What this task involves: Records follow. Copy every line with "sigma".

(Stored data entries)
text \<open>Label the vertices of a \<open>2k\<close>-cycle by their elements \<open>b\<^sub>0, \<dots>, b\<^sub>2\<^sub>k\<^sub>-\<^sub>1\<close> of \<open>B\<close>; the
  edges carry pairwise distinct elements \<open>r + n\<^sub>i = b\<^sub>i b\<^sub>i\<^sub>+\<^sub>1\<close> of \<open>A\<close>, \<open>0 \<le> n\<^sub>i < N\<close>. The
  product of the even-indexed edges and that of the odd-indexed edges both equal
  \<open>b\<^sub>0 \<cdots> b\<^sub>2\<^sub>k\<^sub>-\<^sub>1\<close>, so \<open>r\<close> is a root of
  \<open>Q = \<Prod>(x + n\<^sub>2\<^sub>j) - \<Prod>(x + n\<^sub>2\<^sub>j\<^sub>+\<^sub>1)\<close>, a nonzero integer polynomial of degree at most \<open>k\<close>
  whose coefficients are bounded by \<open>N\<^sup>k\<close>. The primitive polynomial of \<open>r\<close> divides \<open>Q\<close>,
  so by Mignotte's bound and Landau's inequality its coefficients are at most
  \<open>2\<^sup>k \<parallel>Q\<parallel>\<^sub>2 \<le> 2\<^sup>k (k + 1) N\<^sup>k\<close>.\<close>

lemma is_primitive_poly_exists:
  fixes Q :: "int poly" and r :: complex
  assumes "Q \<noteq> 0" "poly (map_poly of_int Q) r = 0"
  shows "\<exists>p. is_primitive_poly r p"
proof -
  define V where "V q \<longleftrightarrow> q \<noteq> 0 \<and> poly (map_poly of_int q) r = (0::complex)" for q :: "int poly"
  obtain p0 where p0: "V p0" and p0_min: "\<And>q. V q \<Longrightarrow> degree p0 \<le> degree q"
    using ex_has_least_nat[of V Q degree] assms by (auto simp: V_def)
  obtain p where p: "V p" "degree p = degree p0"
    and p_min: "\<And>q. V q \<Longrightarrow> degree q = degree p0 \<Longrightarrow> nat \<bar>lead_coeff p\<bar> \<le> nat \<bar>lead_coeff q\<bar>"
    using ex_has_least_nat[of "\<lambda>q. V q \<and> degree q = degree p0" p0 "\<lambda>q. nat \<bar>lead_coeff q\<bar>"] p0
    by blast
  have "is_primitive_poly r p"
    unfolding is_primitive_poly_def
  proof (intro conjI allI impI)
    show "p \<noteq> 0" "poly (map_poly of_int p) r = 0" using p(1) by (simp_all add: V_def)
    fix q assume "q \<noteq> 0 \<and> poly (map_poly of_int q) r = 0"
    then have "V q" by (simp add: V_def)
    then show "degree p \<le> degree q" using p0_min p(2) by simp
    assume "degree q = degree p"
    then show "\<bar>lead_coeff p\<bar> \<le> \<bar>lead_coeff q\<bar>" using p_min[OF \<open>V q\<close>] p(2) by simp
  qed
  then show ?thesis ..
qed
--
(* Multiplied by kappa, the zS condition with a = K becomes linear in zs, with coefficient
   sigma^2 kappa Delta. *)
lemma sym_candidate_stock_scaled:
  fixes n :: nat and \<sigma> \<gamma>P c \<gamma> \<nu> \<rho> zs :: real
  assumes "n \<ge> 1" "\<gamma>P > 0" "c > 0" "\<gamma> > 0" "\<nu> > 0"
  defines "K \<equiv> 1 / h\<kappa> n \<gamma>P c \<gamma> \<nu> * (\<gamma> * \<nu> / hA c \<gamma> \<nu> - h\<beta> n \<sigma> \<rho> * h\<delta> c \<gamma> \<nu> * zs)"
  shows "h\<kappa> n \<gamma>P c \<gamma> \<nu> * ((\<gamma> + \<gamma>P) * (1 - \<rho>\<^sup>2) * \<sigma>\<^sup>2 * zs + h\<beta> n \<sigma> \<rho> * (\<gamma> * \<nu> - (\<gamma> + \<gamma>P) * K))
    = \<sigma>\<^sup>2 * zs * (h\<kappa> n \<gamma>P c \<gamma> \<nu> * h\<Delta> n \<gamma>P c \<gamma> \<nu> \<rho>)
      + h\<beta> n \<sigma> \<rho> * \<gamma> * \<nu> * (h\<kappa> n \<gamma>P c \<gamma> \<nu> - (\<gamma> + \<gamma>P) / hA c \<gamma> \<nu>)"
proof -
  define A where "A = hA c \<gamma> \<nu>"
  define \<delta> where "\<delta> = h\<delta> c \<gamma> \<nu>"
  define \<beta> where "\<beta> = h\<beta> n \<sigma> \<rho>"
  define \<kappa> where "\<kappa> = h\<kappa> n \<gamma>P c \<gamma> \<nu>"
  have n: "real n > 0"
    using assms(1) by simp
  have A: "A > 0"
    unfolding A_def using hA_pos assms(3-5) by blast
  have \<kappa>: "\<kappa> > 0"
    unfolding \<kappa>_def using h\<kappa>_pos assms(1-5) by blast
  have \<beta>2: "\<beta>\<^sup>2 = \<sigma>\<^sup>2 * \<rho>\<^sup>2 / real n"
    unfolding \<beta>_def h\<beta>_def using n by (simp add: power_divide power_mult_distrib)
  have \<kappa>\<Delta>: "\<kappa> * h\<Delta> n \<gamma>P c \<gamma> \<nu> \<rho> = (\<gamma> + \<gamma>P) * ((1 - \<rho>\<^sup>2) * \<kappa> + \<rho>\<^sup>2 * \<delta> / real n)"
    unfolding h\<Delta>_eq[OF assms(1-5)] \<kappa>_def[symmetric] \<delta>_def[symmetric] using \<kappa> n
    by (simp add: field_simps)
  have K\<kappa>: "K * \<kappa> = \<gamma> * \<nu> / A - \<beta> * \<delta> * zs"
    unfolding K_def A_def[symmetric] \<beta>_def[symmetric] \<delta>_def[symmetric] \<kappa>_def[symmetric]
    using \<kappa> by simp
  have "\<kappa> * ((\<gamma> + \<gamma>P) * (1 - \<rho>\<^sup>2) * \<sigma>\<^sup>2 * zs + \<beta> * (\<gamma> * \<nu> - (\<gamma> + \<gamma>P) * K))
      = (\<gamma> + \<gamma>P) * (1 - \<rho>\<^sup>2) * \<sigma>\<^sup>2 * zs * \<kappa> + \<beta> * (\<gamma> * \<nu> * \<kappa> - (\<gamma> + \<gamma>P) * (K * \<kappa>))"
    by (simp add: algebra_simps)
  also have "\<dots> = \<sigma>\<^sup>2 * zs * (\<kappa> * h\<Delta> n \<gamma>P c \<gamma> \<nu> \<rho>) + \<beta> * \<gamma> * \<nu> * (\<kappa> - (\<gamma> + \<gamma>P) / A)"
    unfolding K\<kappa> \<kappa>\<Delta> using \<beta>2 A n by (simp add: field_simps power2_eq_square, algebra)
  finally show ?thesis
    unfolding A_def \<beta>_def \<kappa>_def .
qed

Task output:
   sigma^2 kappa Delta. *)
  fixes n :: nat and \<sigma> \<gamma>P c \<gamma> \<nu> \<rho> zs :: real
  defines "K \<equiv> 1 / h\<kappa> n \<gamma>P c \<gamma> \<nu> * (\<gamma> * \<nu> / hA c \<gamma> \<nu> - h\<beta> n \<sigma> \<rho> * h\<delta> c \<gamma> \<nu> * zs)"
  shows "h\<kappa> n \<gamma>P c \<gamma> \<nu> * ((\<gamma> + \<gamma>P) * (1 - \<rho>\<^sup>2) * \<sigma>\<^sup>2 * zs + h\<beta> n \<sigma> \<rho> * (\<gamma> * \<nu> - (\<gamma> + \<gamma>P) * K))
    = \<sigma>\<^sup>2 * zs * (h\<kappa> n \<gamma>P c \<gamma> \<nu> * h\<Delta> n \<gamma>P c \<gamma> \<nu> \<rho>)
      + h\<beta> n \<sigma> \<rho> * \<gamma> * \<nu> * (h\<kappa> n \<gamma>P c \<gamma> \<nu> - (\<gamma> + \<gamma>P) / hA c \<gamma> \<nu>)"
  define \<beta> where "\<beta> = h\<beta> n \<sigma> \<rho>"
  have \<beta>2: "\<beta>\<^sup>2 = \<sigma>\<^sup>2 * \<rho>\<^sup>2 / real n"
  have "\<kappa> * ((\<gamma> + \<gamma>P) * (1 - \<rho>\<^sup>2) * \<sigma>\<^sup>2 * zs + \<beta> * (\<gamma> * \<nu> - (\<gamma> + \<gamma>P) * K))
      = (\<gamma> + \<gamma>P) * (1 - \<rho>\<^sup>2) * \<sigma>\<^sup>2 * zs * \<kappa> + \<beta> * (\<gamma> * \<nu> * \<kappa> - (\<gamma> + \<gamma>P) * (K * \<kappa>))"
  also have "\<dots> = \<sigma>\<^sup>2 * zs * (\<kappa> * h\<Delta> n \<gamma>P c \<gamma> \<nu> \<rho>) + \<beta> * \<gamma> * \<nu> * (\<kappa> - (\<gamma> + \<gamma>P) / A)"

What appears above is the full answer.